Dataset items
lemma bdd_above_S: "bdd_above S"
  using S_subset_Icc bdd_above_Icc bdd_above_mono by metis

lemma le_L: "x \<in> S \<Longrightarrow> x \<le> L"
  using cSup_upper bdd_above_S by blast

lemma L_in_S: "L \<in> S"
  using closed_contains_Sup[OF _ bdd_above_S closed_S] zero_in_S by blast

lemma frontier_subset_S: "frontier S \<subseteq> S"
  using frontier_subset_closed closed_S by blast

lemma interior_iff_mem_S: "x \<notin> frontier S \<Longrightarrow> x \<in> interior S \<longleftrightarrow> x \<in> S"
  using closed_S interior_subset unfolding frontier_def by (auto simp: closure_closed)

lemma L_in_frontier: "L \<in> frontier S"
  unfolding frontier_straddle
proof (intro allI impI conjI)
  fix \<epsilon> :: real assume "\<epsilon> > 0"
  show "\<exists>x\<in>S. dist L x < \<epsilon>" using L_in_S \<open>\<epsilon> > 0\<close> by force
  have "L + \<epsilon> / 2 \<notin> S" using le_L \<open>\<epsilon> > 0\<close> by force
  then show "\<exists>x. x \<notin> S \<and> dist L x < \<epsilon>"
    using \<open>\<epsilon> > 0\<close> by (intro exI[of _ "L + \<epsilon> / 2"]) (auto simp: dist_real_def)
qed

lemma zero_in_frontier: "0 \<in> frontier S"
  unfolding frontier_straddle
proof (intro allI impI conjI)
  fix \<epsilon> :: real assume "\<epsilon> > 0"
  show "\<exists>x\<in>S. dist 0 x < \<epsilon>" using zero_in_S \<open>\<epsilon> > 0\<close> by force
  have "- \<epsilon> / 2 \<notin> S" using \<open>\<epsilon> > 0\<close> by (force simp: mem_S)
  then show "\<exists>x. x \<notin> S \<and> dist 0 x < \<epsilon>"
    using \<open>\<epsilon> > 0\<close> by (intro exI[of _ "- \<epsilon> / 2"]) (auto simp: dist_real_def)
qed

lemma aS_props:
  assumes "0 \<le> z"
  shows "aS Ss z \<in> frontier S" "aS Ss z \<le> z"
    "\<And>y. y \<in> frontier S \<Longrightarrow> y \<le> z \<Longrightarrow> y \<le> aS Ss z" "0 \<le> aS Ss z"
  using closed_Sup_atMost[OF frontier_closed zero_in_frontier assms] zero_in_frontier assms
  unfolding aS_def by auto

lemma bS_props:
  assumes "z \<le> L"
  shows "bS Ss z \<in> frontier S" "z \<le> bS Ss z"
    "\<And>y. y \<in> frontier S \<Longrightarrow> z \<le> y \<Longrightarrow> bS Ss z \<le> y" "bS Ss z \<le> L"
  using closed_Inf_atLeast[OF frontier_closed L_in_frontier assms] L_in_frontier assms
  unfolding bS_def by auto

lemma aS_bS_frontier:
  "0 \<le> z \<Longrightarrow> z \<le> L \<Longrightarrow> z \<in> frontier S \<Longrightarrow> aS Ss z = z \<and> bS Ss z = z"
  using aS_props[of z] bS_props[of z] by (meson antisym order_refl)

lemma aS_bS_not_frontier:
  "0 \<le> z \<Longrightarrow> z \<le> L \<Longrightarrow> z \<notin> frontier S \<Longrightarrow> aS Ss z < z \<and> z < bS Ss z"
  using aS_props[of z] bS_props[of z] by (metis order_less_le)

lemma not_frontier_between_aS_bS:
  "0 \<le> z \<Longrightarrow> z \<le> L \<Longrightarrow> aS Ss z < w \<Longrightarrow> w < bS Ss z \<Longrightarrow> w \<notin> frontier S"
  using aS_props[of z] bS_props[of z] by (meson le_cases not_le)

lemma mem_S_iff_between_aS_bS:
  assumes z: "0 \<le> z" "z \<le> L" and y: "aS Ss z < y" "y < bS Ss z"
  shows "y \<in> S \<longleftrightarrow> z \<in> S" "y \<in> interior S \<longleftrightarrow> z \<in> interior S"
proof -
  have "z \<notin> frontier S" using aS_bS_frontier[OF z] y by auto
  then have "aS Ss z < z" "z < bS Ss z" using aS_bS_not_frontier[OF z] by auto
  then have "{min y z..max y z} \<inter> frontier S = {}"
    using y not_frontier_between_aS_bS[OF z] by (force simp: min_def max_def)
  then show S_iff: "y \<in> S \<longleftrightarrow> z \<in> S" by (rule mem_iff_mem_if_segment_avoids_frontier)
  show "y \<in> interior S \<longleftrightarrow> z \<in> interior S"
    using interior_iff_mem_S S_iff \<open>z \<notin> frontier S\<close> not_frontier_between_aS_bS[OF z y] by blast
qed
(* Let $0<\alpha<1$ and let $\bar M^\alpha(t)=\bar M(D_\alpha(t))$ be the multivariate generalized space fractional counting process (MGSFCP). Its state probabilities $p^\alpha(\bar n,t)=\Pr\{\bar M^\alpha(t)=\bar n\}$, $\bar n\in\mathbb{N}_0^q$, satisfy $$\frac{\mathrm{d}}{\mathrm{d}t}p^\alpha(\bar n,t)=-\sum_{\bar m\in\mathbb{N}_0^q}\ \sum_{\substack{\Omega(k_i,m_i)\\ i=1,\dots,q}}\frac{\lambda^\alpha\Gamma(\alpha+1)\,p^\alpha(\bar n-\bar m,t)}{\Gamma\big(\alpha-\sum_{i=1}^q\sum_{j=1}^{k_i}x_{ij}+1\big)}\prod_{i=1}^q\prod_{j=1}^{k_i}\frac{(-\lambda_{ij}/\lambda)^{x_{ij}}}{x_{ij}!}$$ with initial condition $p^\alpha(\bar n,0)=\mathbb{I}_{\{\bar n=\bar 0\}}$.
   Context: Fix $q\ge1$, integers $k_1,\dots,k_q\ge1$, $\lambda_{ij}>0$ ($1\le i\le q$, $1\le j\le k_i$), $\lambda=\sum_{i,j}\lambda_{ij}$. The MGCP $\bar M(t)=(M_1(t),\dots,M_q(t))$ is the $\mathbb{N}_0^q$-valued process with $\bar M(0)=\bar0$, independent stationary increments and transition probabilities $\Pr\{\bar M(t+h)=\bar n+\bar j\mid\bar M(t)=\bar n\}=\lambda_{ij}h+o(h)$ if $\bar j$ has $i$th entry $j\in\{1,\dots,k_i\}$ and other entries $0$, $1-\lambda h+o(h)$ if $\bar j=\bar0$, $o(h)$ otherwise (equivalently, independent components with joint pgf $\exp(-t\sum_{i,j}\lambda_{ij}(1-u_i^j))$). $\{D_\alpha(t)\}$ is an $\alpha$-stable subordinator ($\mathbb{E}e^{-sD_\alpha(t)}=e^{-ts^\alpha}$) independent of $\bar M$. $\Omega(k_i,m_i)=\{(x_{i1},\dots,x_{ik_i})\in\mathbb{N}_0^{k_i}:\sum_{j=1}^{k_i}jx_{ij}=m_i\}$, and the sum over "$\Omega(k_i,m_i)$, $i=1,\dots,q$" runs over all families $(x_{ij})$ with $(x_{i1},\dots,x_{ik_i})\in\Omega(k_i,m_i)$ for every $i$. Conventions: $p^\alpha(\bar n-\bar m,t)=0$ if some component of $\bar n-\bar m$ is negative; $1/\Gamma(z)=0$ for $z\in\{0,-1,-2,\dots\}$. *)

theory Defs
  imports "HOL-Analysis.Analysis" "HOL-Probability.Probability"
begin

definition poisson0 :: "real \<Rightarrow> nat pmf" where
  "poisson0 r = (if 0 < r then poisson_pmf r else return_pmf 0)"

• [What you have to do] Every line of the entries that includes "meson" must be copied into the answer.

• [Solution to the exercise]
  using aS_props[of z] bS_props[of z] by (meson antisym order_refl)
  using aS_props[of z] bS_props[of z] by (meson le_cases not_le)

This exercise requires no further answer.